On-line version ISSN 1984-2961

Rev. Bras. Parasitol. Vet. vol.23 no.4 Jaboticabal Oct./Dec. 2014

https://doi.org/10.1590/s1984-29612014091 

Original Article

Complementary data on four methods for sampling free-living ticks in the Brazilian Pantanal

Dados complementares de quatro métodos para amostragem de carrapatos em vida livre no Pantanal brasileiro

Vanessa do Nascimento Ramos1  * 

Carolina Fonseca Osava1 

Ubiratan Piovezan2 

Matias Pablo Juan Szabó1 

1Laboratório de Ixodologia, Faculdade de Medicina Veterinária, Universidade Federal de Uberlândia – UFU, Uberlândia, MG, Brasil

2Empresa Brasileira de Pesquisa Agropecuária – Embrapa Pantanal, Corumbá, MS, Brasil


ABSTRACT

In this study, four methods for sampling free-living ticks that are used in ecological and human tick-bite risk studies were evaluated. Cloth dragging, carbon dioxide traps and visual searches and inspection of plant litter on the ground were used in field and forest areas within the Brazilian Pantanal. Among the three tick species collected, Amblyomma sculptum predominated, followed by Amblyomma parvum and Amblyomma ovale. Dragging, a cheap and simple technique, yielded the highest numbers of ticks, particularly nymphs. The visual search detected a high number of adult ticks and provided information on tick questing height. Even though laborious, plant litter examination showed that large numbers of ticks may use this stratum. Carbon dioxide (CO2) traps are expensive and difficult to handle, but they are highly efficient for adult ticks, especially A. parvum. These data indicate that one method alone is incapable of providing a representative sample of the tick fauna in a particular area and that multiple techniques should be used for tick population studies.

Key words: Off-host ticks; collecting techniques; CO2 traps; cloth dragging; visual search; litter inspection

RESUMO

Neste estudo, foram avaliados quatro métodos de amostragem de carrapatos em vida livre, usados em estudos ecológicos e avaliação do risco de picadas em humanos. Arraste de flanela, armadilhas de gás carbônico (CO2), busca visual e inspeção de serrapilheira foram aplicados em áreas campestres e florestais no Pantanal brasileiro. Dentre três espécies coletadas, a predominância foi de Amblyomma sculptum, seguida por Amblyomma parvum e Amblyomma ovale. O arraste, técnica simples e de baixo custo, resultou em maior número de carrapatos, particularmente de ninfas. A busca visual detectou alto número de carrapatos adultos e forneceu informações sobre altura de espera por hospedeiros. Apesar de trabalhoso, o exame da serrapilheira demonstrou que grande número de carrapatos pode utilizar esse estrato. Armadilhas de CO2 têm custo elevado e são difíceis de manusear, entretanto, são altamente eficientes para carrapatos adultos, em especial para A. parvum. Esses dados indicam que somente um método é incapaz de fornecer amostra representativa da ixodofauna em uma área particular e que, para estudos populacionais, técnicas múltiplas devem ser usadas.
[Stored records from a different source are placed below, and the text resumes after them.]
(* Consider the scheme (EQRF1) $$y_{n+1}=e^{\tau A}y_n+\tau\varphi_1(\tau A)\,h\bigl((t_n+c_1\tau)^r\bigr),\qquad n=0,\dots,N-1,$$ started from the exact initial value $y_0$, with a collocation point $c_1\in[0,1]$, and let $\epsilon_n=y(t_n)-y_n$. Then: \begin{enumerate} \item if $h$ is differentiable on $[0,\infty)$ with bounded derivative, then $\|\epsilon_n\|\le C\tau$; \item if $h$ is twice differentiable on $[0,\infty)$ with bounded derivatives $h',h''$, if $h'(x)\in\mathcal{D}(A)$ for all $x\ge0$ with $x\mapsto Ah'(x)$ bounded, and if $c_1=\tfrac12$, then $\|\epsilon_n\|\le C\tau^{1+r}$. \end{enumerate} In both cases the bound holds for all $N\in\mathbb{N}$ and all $0\le n\le N$, with a constant $C$ that may depend on $T$, $r$, $h$ and the semigroup bound, but not on $n$ or $\tau$.
   Context: $(X,\|\cdot\|)$ is a Banach space and $A:\mathcal{D}(A)\subset X\to X$ is a linear operator generating a strongly continuous semigroup $\{e^{tA}\}_{t\ge0}$ on $X$. Fix $T>0$, $0<r<1$, $y_0\in X$ and $h:[0,\infty)\to X$. The problem is $y'(t)=Ay(t)+h(t^r)$, $y(0)=y_0$, $t\in[0,T]$, whose (mild) solution is given by the variation-of-constants formula $y(t)=e^{tA}y_0+\int_0^te^{(t-s)A}h(s^r)\,ds$; equivalently $y(t_{n+1})=e^{\tau A}y(t_n)+\int_0^\tau e^{(\tau-s)A}h((t_n+s)^r)\,ds$. Time grid: $N\in\mathbb{N}$, $\tau=T/N$, $t_n=n\tau$. The operator $\varphi_1(\tau A)$ is defined by $\tau\varphi_1(\tau A)v=\int_0^\tau e^{(\tau-s)A}v\,ds$ for $v\in X$. *)

theory Defs
  imports "HOL-Analysis.Analysis"
begin

definition strongly_continuous_semigroup :: "(real \<Rightarrow> 'a::banach \<Rightarrow> 'a) \<Rightarrow> bool" where
  "strongly_continuous_semigroup S \<longleftrightarrow>
     (\<forall>t\<ge>0. bounded_linear (S t)) \<and>
     S 0 = id \<and>
     (\<forall>t\<ge>0. \<forall>s\<ge>0. S (t + s) = S t \<circ> S s) \<and>
     (\<forall>x. ((\<lambda>t. S t x) \<longlongrightarrow> x) (at_right 0))"

definition semigroup_generator ::
    "(real \<Rightarrow> 'a::banach \<Rightarrow> 'a) \<Rightarrow> 'a set \<Rightarrow> ('a \<Rightarrow> 'a) \<Rightarrow> bool" where
  "semigroup_generator S D A \<longleftrightarrow>
     D = {x. \<exists>y. ((\<lambda>t. (1 / t) *\<^sub>R (S t x - x)) \<longlongrightarrow> y) (at_right 0)} \<and>
     (\<forall>x\<in>D. ((\<lambda>t. (1 / t) *\<^sub>R (S t x - x)) \<longlongrightarrow> A x) (at_right 0))"

text \<open>phi_1(tau A) v, defined by  tau phi_1(tau A) v = int_0^tau e^{(tau-s)A} v ds.\<close>
definition phi1 :: "(real \<Rightarrow> 'a::banach \<Rightarrow> 'a) \<Rightarrow> real \<Rightarrow> 'a \<Rightarrow> 'a" where
  "phi1 S \<tau> v = (1 / \<tau>) *\<^sub>R integral {0..\<tau>} (\<lambda>s. S (\<tau> - s) v)"

text \<open>Mild solution of y' = A y + h(t^r), y(0) = y0 (variation-of-constants formula).\<close>
definition mild_sol :: "(real \<Rightarrow> 'a::banach \<Rightarrow> 'a) \<Rightarrow> (real \<Rightarrow> 'a) \<Rightarrow> real \<Rightarrow> 'a \<Rightarrow> real \<Rightarrow> 'a" where
  "mild_sol S h r y0 t = S t y0 + integral {0..t} (\<lambda>s. S (t - s) (h (s powr r)))"

primrec eqrf1 :: "(real \<Rightarrow> 'a::banach \<Rightarrow> 'a) \<Rightarrow> (real \<Rightarrow> 'a) \<Rightarrow> real \<Rightarrow> real \<Rightarrow> real \<Rightarrow> 'a \<Rightarrow> nat \<Rightarrow> 'a" where
  "eqrf1 S h r c1 \<tau> y0 0 = y0"
| "eqrf1 S h r c1 \<tau> y0 (Suc n) =
     S \<tau> (eqrf1 S h r c1 \<tau> y0 n) + \<tau> *\<^sub>R phi1 S \<tau> (h ((real n * \<tau> + c1 * \<tau>) powr r))"

end

theory Submission
  imports Defs
begin

(*
  The exact solution satisfies the recursion of the scheme up to the quadrature error
    delta(t) = integral over [0, tau] of S(tau - s) (h((t + s)^r) - h((t + c1 tau)^r)) ds,
  so the error at t_n is the discrete variation-of-constants sum of the delta(t_k), and it is
  bounded by M * sum_k |delta(t_k)|, where M bounds |S(t)| on [0, T] (uniform boundedness).
  Since h' is bounded, |delta(t)| <= M |h'|_oo tau ((t + tau)^r - t^r), which telescopes to O(tau).
  For c1 = 1/2 and t >= tau, linearize G(y) = h(y^r) at the midpoint m = t + tau/2. The linear part
  contributes the integral of (s - tau/2) S(tau - s) G'(m), which is O(tau^3 m^(r-1) |A h'|): the
  weight has mean zero and the orbit of a point of the domain of A is Lipschitz. The remainder is
  controlled by the variation of G' on [t, t + tau], which telescopes through the monotone
  functions y^r and y^(r-1). Only the first step, where y^(r-1) is unbounded, needs the
  first-order estimate, which is O(tau^(1+r)) there.
*)

lemma norm_le_of_bounded_on_ball:
  fixes f :: "'a::real_normed_vector \<Rightarrow> 'b::real_normed_vector"
  assumes f: "linear f" and e: "e > 0" and bnd: "\<And>x. x \<in> ball x0 e \<Longrightarrow> norm (f x) \<le> k"
  shows "norm (f y) \<le> (4 * k / e) * norm y"
proof (cases "y = 0")
  case True
  then show ?thesis using f by (simp add: linear_0)
next
  case False
  define c where "c = e / 2 / norm y"
  have c: "c > 0" and nc: "norm (c *\<^sub>R y) = e / 2"
    using False e by (simp_all add: c_def)
  have "norm (f (x0 + c *\<^sub>R y)) \<le> k" "norm (f x0) \<le> k"
    using bnd e nc by (auto simp: dist_norm)
  moreover have "f (c *\<^sub>R y) = f (x0 + c *\<^sub>R y) - f x0"
    using f by (simp add: linear_add)
  ultimately have "norm (f (c *\<^sub>R y)) \<le> 2 * k"
    by (metis mult_2 norm_triangle_ineq4 order_trans add_mono)
  then have "c * norm (f y) \<le> 2 * k"
    using f c by (simp add: linear_scale)
  then show ?thesis
    using c False e by (simp add: c_def field_simps)
qed

lemma banach_steinhaus:
  fixes F :: "('a::banach \<Rightarrow> 'b::real_normed_vector) set"
  assumes lin: "\<And>f. f \<in> F \<Longrightarrow> bounded_linear f"
    and pointwise: "\<And>x. \<exists>B. \<forall>f\<in>F. norm (f x) \<le> B"
  shows "\<exists>M. \<forall>f\<in>F. \<forall>x. norm (f x) \<le> M * norm x"
proof -
  define E where "E k = (\<Inter>f\<in>F. {x. norm (f x) \<le> real k})" for k :: nat
  have closed_E: "closed (E k)" for k
    unfolding E_def
    by (intro closed_INT ballI closed_Collect_le continuous_intros
        linear_continuous_on[OF lin]) auto
  have "\<Union>(range E) = UNIV"
  proof safe
    fix x
    obtain B where "\<forall>f\<in>F. norm (f x) \<le> B" using pointwise by blast
    then have "x \<in> E (nat \<lceil>B\<rceil>)" unfolding E_def by (auto intro: order_trans[OF _ real_nat_ceiling_ge])
    then show "x \<in> \<Union>(range E)" by blast
  qed auto
  then have "\<exists>k. interior (E k) \<noteq> {}"
    using Baire_category_alt[of euclidean "range E"] closed_E
    by (auto simp: completely_metrizable_space_euclidean) blast
  then obtain k x0 e where "e > 0" "ball x0 e \<subseteq> E k"
    by (meson all_not_in_conv mem_interior)
  then have "norm (f y) \<le> (4 * real k / e) * norm y" if "f \<in> F" for f y
    using that lin by (intro norm_le_of_bounded_on_ball bounded_linear.linear)
      (auto simp: E_def)
  then show ?thesis by blast
qed

lemma norm_diff_le_of_vector_derivative_bound:
  fixes f f' :: "real \<Rightarrow> 'b::real_normed_vector"
  assumes "convex S"
    and deriv: "\<And>x. x \<in> S \<Longrightarrow> (f has_vector_derivative f' x) (at x within S)"
    and bnd: "\<And>x. x \<in> S \<Longrightarrow> norm (f' x) \<le> B" and "x \<in> S" "y \<in> S"
  shows "norm (f x - f y) \<le> B * \<bar>x - y\<bar>"
proof -
  have "norm (f x - f y) \<le> B * norm (x - y)"
  proof (rule differentiable_bound[where f'="\<lambda>x t. t *\<^sub>R f' x"])
    fix z assume z: "z \<in> S"
    then show "(f has_derivative (\<lambda>t. t *\<^sub>R f' z)) (at z within S)"
      using deriv by (simp add: has_vector_derivative_def)
    show "onorm (\<lambda>t. t *\<^sub>R f' z) \<le> B"
      using bnd[OF z] by (simp add: onorm_scaleR_left[OF bounded_linear_ident] onorm_id)
  qed (use assms in auto)
  then show ?thesis by simp
qed

lemma abs_powr_diff_le:
  fixes a b x y r :: real
  assumes "0 \<le> a" "x \<in> {a..b}" "y \<in> {a..b}" "0 \<le> r"
  shows "\<bar>x powr r - y powr r\<bar> \<le> b powr r - a powr r"
proof -
  have "a powr r \<le> x powr r" "x powr r \<le> b powr r" "a powr r \<le> y powr r" "y powr r \<le> b powr r"
    using assms by (auto intro!: powr_mono2)
  then show ?thesis by linarith
qed

lemma abs_powr_diff_le_of_nonpos:
  fixes a b x y r :: real
  assumes "0 < a" "x \<in> {a..b}" "y \<in> {a..b}" "r \<le> 0"
  shows "\<bar>x powr r - y powr r\<bar> \<le> a powr r - b powr r"
proof -
  have "x powr r \<le> a powr r" "b powr r \<le> x powr r" "y powr r \<le> a powr r" "b powr r \<le> y powr r"
    using assms by (auto intro!: powr_mono2')
  then show ?thesis by linarith
qed

lemma continuous_on_comp_powr:
  fixes h :: "real \<Rightarrow> 'b::real_normed_vector"
  assumes hd: "\<forall>x\<ge>0. (h has_vector_derivative h' x) (at x within {0..})" and r: "r > 0"
  shows "continuous_on {0..} (\<lambda>s. h (s powr r))"
proof -
  have "continuous_on {0..} h"
    unfolding continuous_on_eq_continuous_within using hd has_vector_derivative_continuous by blast
  moreover have "continuous_on {0..} (\<lambda>s::real. s powr r)"
    using r by (intro continuous_on_powr') (auto intro: continuous_intros)
  ultimately show ?thesis
    by (rule continuous_on_compose2) auto
qed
Palavras-Chave: Carrapatos em vida livre; técnicas de coleta; armadilhas de CO2; arraste de flanela; busca visual; inspeção de serrapilheira

Introduction

Ticks spend most of their lifetime off-host (NEEDHAM & TEEL, 1991). Therefore, studies that evaluate environmental infestation and associated risks to animal and human health are quite relevant. There are several off-host tick sampling methods, but an awareness of their limitations is of paramount importance to avoid misleading interpretations. In fact, method efficiency may vary according to environmental characteristics (SZABÓ et al., 2009) and thus should be evaluated in various milieus.

Non-nidicolous host-seeking ticks exhibit at least two strategies for finding hosts. ‘Ambush’ ticks climb onto vegetation and wait for passing hosts whereas ‘hunter’ ticks are excited by host signals, leave their shelters and run on the ground towards the host (SONENSHINE et al., 2002). Ambush ticks on vegetation adopt host species-specific questing heights that are related to the size of their preferred animal host (RANDOLPH, 2004; SZABÓ et al., 2009). Questing behavior varies diurnally and seasonally with climate, overwhelmingly to avoid desiccation (RANDOLPH, 2004). A diapause may also regulate the activity of several species, and ticks may remain quiescent on the ground before the onset of host questing behavior (LABRUNA et al., 2003). Thus, non-nidicolous ticks in a given area may be found at various heights, from the ground up to an elevation of several centimeters on the vegetation, displaying different behavioral activity (questing, rehydrating or diapause). Therefore, ideally, several sampling methods should be used to include as many specimens as possible from the wide array of tick encounter possibilities, and also to avoid bias and misinterpretation of results, in order to gain an understanding of tick and tick-borne disease ecology.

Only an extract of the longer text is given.